なお、本明細書においては、“部”および“%”とあ
るのは、それぞれ“重量部”および“重量%”を意味す
る。In this specification, “parts” and “%” mean “parts by weight” and “% by weight”, respectively.

また、本発明における“炭素繊維”とは、狭義の“炭
素繊維”のみならず、“黒鉛化炭素繊維”をも包含する
ものとする。Further, the “carbon fiber” in the present invention includes not only “carbon fiber” in a narrow sense but also “graphitized carbon fiber”.
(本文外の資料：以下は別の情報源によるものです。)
lemma inv_matsI:
  "A \<in> carrier_mat n n \<Longrightarrow> B \<in> carrier_mat n n \<Longrightarrow> A * B = 1\<^sub>m n \<Longrightarrow> B * A = 1\<^sub>m n \<Longrightarrow> A \<in> inv_mats n"
  using inv_mats_iff by blast

lemma minv_unique:
  assumes A: "A \<in> carrier_mat n n" and B: "B \<in> carrier_mat n n"
    and AB: "A * B = 1\<^sub>m n" and BA: "B * A = 1\<^sub>m n"
  shows "minv n A = B"
  unfolding minv_def
proof (rule the_equality)
  fix C assume "C \<in> carrier_mat n n \<and> A * C = 1\<^sub>m n \<and> C * A = 1\<^sub>m n"
  then have C: "C \<in> carrier_mat n n" and AC: "A * C = 1\<^sub>m n" by simp_all
  have "C = (B * A) * C" using BA left_mult_one_mat[OF C] by simp
  also have "\<dots> = B * (A * C)" using A B C by simp
  finally show "C = B" using AC right_mult_one_mat[OF B] by simp
qed (use assms in simp)

lemma minv_inverse:
  assumes "A \<in> inv_mats n"
  shows "minv n A \<in> carrier_mat n n" "A * minv n A = 1\<^sub>m n" "minv n A * A = 1\<^sub>m n"
proof -
  have A: "A \<in> carrier_mat n n" using assms unfolding inv_mats_def by simp
  then obtain B where B: "B \<in> carrier_mat n n" "A * B = 1\<^sub>m n" "B * A = 1\<^sub>m n"
    using assms inv_mats_iff by blast
  with minv_unique[OF A] have "minv n A = B" by blast
  with B show "minv n A \<in> carrier_mat n n" "A * minv n A = 1\<^sub>m n" "minv n A * A = 1\<^sub>m n" by simp_all
qed

lemma minv_in_inv_mats: "A \<in> inv_mats n \<Longrightarrow> minv n A \<in> inv_mats n"
  by (rule inv_matsI[of _ _ A]) (auto simp: minv_inverse inv_mats_def)

lemma minv_minv: "A \<in> inv_mats n \<Longrightarrow> minv n (minv n A) = A"
  by (rule minv_unique) (auto simp: minv_inverse inv_mats_def)


definition scale_mat :: "nat \<Rightarrow> (nat \<Rightarrow> 'a) \<Rightarrow> 'a::ring_1 mat \<Rightarrow> (nat \<Rightarrow> 'a) \<Rightarrow> 'a mat" where
  "scale_mat n u X v = mat n n (\<lambda>(j,k). u j * X $$ (j,k) * v k)"

lemma scale_mat_carrier [simp]: "scale_mat n u X v \<in> carrier_mat n n"
  unfolding scale_mat_def by simp

lemma scale_mat_dim [simp]: "dim_row (scale_mat n u X v) = n" "dim_col (scale_mat n u X v) = n"
  unfolding scale_mat_def by simp_all

lemma scale_mat_index [simp]:
  "j < n \<Longrightarrow> k < n \<Longrightarrow> scale_mat n u X v $$ (j,k) = u j * X $$ (j,k) * v k"
  unfolding scale_mat_def by simp

lemma scale_mat_eq_mat_diag:
  "X \<in> carrier_mat n n \<Longrightarrow> scale_mat n u X v = mat_diag n u * X * mat_diag n v"
  unfolding scale_mat_def
  by (simp add: mat_diag_mult_left, subst mat_diag_mult_right) (auto intro!: eq_matI)

lemma scale_mat_mult:
  assumes X: "X \<in> carrier_mat n n" and Y: "Y \<in> carrier_mat n n" and v: "\<forall>j<n. v j * v' j = 1"
  shows "scale_mat n u X v * scale_mat n v' Y w = scale_mat n u (X * Y) w"
proof (rule eq_matI)
  fix i k assume "i < dim_row (scale_mat n u (X * Y) w)" "k < dim_col (scale_mat n u (X * Y) w)"
  then have i: "i < n" and k: "k < n" by simp_all
  have "(scale_mat n u X v * scale_mat n v' Y w) $$ (i,k)
      = (\<Sum>j = 0..<n. u i * X $$ (i,j) * v j * (v' j * Y $$ (j,k) * w k))"
    using i k by (simp add: scalar_prod_def)
  also have "\<dots> = (\<Sum>j = 0..<n. u i * (X $$ (i,j) * Y $$ (j,k)) * w k)"
  proof (rule sum.cong)
    fix j assume "j \<in> {0..<n}"
    then have "v j * (v' j * z) = z" for z using v by (simp flip: mult.assoc)
    then show "u i * X $$ (i,j) * v j * (v' j * Y $$ (j,k) * w k) = u i * (X $$ (i,j) * Y $$ (j,k)) * w k"
      by (simp add: mult.assoc)
  qed simp
  also have "\<dots> = scale_mat n u (X * Y) w $$ (i,k)"
    using i k X Y by (simp add: scalar_prod_def sum_distrib_left sum_distrib_right)
  finally show "(scale_mat n u X v * scale_mat n v' Y w) $$ (i,k) = scale_mat n u (X * Y) w $$ (i,k)" .
qed simp_all

lemma scale_mat_one: "\<forall>i<n. u i * w i = 1 \<Longrightarrow> scale_mat n u (1\<^sub>m n) w = 1\<^sub>m n"
  by (rule eq_matI) auto
(* Let $L\subset\mathbb{R}^2$ be a connected set such that for every $P\in L$ there exists $r>0$ for which $B_r(P)\cap L$ is (the image of) a regular curve. Then for any $S,Q\in L$ there exists a regular curve in $L$ having $S$ and $Q$ as its two endpoints.
   Context: A curve $\gamma:[a,b]\to\mathbb{R}^2$ is regular if $-\infty<a<b<\infty$, $\gamma(x)\ne\gamma(y)$ whenever $a\le x<y\le b$ and $(x,y)\ne(a,b)$, $\|\gamma\|_{C^2(a,b)}<\infty$, and $|\gamma'|$ is uniformly bounded away from $0$; a curve defined on an open interval $(a,b)$ is regular if its continuous extension to $[a,b]$ is regular. $B_r(P)$ denotes the open disc. *)

theory Defs
  imports "HOL-Analysis.Analysis"
begin

definition regular_curve :: "(real \<Rightarrow> real^2) \<Rightarrow> real \<Rightarrow> real \<Rightarrow> bool" where
  "regular_curve \<gamma> a b \<longleftrightarrow>
     a < b \<and>
     continuous_on {a..b} \<gamma> \<and>
     (\<forall>x\<in>{a..b}. \<forall>y\<in>{a..b}. x < y \<and> (x, y) \<noteq> (a, b) \<longrightarrow> \<gamma> x \<noteq> \<gamma> y) \<and>
     (\<exists>\<gamma>' \<gamma>''.
        (\<forall>t\<in>{a<..<b}. (\<gamma> has_vector_derivative \<gamma>' t) (at t) \<and>
                         (\<gamma>' has_vector_derivative \<gamma>'' t) (at t)) \<and>
        continuous_on {a<..<b} \<gamma>'' \<and>
        bounded (\<gamma> ` {a<..<b}) \<and> bounded (\<gamma>' ` {a<..<b}) \<and> bounded (\<gamma>'' ` {a<..<b}) \<and>
        (\<exists>c>0. \<forall>t\<in>{a<..<b}. c \<le> norm (\<gamma>' t)))"

end

theory Submission
  imports Defs
begin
従来技術とその問題点 従来燃料電池およびニッケルカドミウム電池の電極素
材として使用される炭素繊維シートは、黒鉛化した炭素
繊維と接着剤成分(エポキシ樹脂、ウレタン樹脂など)
とを含むスラリーを調製し、抄紙することにより製造さ
れている。しかしながら、この様な炭素繊維シートにお
いては、黒鉛化炭素繊維自体の体積抵抗は、10-3Ωcm程
度であるにもかかわらず、接着剤の主成分である樹脂自
体が絶縁体であるため、シートとしての表面抵抗は、10
1〜102Ω程度となっている。Conventional technology and its problems Conventionally, carbon fiber sheets used as electrode materials for fuel cells and nickel cadmium batteries consist of graphitized carbon fibers and adhesive components (epoxy resin, urethane resin, etc.).
Is prepared by preparing a slurry containing However, in such a carbon fiber sheet, although the volume resistance of the graphitized carbon fiber itself is about 10 −3 Ωcm, the resin itself, which is a main component of the adhesive, is an insulator, Surface resistance is 10
It is about 1 to 10 2 Ω.

従って、黒鉛化した炭素繊維の抄紙時に密度を高めて
接着剤成分の量を出来るだけ減少させることにより、シ
ートの導電性を向上させる試みがなされているが、この
場合には、接着剤成分の量が不十分であるため、シート
としての引張り強度が低く、実用的に問題となってい
る。Therefore, attempts have been made to improve the conductivity of the sheet by increasing the density of the graphitized carbon fiber during papermaking and reducing the amount of the adhesive component as much as possible. Since the amount is insufficient, the tensile strength of the sheet is low, which is a practical problem.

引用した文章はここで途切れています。